YOUR INSTRUCTIONS: Show, from the entries below, every line in which "elim" appears.

DATA SUPPLIED:
+ + + + +

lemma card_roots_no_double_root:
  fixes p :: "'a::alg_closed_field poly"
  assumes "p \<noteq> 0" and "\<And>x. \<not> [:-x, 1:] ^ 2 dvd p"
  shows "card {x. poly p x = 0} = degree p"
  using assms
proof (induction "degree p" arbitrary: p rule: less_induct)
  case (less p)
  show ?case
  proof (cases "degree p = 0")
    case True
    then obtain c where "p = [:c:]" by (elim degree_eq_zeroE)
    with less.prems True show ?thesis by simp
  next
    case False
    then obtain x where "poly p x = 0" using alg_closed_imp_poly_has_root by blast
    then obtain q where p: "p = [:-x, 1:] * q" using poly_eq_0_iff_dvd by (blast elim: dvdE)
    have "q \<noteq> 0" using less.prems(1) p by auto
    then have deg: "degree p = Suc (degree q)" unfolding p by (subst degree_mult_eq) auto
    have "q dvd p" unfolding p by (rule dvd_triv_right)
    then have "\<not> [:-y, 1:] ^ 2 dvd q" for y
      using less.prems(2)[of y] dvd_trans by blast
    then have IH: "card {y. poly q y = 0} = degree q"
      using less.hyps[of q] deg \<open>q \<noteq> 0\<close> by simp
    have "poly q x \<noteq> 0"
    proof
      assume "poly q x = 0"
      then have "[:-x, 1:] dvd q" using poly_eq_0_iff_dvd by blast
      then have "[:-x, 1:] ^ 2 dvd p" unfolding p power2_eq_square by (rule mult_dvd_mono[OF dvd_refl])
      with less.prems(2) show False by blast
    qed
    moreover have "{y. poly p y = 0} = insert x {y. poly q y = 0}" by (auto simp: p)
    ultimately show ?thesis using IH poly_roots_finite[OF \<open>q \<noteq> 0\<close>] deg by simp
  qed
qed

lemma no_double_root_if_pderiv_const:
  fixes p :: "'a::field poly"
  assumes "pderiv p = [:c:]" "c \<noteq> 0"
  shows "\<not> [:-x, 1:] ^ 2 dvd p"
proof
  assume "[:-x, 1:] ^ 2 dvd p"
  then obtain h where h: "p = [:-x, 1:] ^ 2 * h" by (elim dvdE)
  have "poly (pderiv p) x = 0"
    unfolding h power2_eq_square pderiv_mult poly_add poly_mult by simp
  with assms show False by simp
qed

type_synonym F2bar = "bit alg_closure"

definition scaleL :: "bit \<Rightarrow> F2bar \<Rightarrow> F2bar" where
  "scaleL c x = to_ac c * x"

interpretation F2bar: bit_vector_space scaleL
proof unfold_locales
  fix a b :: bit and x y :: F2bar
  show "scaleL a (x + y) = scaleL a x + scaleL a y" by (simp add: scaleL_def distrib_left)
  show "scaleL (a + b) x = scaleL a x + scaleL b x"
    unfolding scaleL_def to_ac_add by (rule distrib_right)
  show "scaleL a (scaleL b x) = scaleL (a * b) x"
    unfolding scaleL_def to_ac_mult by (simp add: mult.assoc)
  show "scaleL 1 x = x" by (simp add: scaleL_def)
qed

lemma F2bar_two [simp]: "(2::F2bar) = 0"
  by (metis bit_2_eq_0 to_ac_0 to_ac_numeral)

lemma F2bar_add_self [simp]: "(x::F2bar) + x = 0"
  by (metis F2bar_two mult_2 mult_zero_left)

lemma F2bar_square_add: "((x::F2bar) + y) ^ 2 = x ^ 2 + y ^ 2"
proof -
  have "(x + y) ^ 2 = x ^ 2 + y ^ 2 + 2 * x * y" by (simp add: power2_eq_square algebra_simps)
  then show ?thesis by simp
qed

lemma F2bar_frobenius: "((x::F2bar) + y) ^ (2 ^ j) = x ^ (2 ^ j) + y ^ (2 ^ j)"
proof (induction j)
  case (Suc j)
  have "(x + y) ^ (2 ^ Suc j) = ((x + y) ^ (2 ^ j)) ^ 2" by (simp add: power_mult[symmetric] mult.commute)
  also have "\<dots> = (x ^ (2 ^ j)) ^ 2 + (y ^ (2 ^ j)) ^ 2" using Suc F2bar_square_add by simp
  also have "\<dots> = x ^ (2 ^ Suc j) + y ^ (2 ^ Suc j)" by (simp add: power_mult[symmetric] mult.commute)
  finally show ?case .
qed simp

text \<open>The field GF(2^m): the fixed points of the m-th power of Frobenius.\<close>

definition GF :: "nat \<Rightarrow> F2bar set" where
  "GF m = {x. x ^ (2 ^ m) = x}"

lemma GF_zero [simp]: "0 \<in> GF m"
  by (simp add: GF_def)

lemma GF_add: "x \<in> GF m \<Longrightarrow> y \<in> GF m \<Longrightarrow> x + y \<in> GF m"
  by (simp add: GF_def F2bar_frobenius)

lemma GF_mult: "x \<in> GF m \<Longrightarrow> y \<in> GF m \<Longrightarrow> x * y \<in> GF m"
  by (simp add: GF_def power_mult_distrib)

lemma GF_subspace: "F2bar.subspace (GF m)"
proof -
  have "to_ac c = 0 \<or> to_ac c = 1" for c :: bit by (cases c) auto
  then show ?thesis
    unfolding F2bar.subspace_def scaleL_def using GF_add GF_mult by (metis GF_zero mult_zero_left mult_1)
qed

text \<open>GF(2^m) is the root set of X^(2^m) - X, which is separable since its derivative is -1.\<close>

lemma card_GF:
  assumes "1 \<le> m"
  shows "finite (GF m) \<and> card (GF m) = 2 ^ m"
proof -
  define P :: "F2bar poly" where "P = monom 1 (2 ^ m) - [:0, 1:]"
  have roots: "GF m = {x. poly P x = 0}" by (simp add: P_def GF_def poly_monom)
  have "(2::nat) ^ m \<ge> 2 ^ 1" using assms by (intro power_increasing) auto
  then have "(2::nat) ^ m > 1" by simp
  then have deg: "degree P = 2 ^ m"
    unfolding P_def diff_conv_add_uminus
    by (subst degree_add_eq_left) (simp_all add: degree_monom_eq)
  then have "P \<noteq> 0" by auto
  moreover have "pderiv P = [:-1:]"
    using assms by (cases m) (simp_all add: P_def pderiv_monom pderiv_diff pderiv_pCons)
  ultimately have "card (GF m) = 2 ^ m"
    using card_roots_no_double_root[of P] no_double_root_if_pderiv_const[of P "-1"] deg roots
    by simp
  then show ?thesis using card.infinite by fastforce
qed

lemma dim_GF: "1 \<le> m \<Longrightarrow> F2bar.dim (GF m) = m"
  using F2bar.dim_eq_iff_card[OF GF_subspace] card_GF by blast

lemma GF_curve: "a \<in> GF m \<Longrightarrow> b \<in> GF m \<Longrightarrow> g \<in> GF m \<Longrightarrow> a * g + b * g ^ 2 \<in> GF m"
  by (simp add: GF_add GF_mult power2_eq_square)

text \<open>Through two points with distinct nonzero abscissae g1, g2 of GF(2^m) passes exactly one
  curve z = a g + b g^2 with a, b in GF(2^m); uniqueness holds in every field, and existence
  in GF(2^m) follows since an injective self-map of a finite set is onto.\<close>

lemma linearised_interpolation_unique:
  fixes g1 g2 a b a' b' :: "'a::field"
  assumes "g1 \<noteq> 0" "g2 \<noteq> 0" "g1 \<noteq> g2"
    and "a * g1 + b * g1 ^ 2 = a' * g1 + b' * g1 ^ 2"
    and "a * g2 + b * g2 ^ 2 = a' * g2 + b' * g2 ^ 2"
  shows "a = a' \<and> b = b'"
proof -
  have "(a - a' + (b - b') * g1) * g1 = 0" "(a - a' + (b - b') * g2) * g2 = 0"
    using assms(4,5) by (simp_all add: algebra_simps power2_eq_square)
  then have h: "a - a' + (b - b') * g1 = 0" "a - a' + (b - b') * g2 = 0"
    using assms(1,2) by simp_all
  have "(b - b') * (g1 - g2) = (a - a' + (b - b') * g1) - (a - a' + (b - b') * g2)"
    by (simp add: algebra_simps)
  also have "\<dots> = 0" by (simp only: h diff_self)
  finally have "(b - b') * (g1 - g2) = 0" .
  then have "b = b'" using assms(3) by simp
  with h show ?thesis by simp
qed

+ + + + +

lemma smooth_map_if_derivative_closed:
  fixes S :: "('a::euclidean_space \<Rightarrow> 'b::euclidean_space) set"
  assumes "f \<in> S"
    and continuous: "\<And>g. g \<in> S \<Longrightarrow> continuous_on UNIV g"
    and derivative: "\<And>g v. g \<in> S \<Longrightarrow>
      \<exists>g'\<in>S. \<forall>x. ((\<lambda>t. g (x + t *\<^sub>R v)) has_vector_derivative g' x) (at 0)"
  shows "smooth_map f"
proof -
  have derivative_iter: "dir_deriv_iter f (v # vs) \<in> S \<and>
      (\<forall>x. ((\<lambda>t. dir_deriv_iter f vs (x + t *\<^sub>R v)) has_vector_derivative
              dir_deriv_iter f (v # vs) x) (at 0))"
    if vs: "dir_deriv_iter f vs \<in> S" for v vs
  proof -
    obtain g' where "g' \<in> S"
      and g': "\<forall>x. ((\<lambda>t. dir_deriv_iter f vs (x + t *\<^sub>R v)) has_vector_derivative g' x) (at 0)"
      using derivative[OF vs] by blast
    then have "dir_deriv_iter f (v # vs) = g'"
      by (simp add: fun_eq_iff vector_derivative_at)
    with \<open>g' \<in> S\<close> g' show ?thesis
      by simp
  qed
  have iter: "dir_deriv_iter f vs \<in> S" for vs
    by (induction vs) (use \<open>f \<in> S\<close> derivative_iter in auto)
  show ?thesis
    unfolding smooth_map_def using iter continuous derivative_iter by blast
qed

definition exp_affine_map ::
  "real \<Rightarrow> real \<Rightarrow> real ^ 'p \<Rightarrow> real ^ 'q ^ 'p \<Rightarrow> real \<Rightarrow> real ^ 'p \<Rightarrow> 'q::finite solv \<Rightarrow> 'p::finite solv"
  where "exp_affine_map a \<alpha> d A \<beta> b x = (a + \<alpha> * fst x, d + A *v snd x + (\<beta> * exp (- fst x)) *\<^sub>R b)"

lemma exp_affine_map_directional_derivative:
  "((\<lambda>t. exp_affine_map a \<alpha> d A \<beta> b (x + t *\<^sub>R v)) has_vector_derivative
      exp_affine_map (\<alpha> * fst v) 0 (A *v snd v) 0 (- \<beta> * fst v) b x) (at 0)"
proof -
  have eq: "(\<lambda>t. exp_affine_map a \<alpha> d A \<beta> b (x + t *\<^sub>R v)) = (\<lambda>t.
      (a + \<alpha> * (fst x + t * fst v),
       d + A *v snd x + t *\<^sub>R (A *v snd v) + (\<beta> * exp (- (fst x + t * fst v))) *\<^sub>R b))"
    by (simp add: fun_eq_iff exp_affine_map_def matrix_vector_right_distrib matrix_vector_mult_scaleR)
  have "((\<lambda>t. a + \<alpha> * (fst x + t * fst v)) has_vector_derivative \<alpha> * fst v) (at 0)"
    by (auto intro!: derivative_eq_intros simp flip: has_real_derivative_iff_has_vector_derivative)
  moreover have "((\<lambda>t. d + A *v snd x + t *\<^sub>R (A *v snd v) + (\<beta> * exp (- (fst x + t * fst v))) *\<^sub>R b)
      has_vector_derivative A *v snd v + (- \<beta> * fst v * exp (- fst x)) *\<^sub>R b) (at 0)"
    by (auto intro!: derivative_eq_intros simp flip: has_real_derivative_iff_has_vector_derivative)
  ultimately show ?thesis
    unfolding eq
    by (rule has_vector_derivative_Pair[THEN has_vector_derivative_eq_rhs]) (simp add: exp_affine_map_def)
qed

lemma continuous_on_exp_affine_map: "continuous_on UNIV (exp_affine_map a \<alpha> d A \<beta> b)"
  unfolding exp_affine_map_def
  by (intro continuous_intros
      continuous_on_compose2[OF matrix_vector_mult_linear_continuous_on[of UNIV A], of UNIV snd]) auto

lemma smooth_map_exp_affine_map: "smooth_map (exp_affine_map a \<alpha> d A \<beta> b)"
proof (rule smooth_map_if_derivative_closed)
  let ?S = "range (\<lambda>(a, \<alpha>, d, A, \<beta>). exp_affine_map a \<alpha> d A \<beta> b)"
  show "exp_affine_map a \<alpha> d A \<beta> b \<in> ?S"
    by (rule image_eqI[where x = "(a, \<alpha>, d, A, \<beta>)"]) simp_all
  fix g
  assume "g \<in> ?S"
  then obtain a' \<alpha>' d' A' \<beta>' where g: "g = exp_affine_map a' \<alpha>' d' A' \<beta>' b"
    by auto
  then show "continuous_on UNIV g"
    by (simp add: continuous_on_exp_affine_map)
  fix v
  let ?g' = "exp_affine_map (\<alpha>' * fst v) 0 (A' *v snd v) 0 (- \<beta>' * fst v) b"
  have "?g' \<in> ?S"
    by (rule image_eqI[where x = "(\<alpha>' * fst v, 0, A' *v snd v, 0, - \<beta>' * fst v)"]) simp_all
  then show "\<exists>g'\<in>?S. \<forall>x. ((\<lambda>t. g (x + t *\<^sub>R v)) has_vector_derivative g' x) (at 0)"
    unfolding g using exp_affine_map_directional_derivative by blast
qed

+ + + + +

REPLY TO THE TASK:
    then obtain c where "p = [:c:]" by (elim degree_eq_zeroE)
    then obtain q where p: "p = [:-x, 1:] * q" using poly_eq_0_iff_dvd by (blast elim: dvdE)
  then obtain h where h: "p = [:-x, 1:] ^ 2 * h" by (elim dvdE)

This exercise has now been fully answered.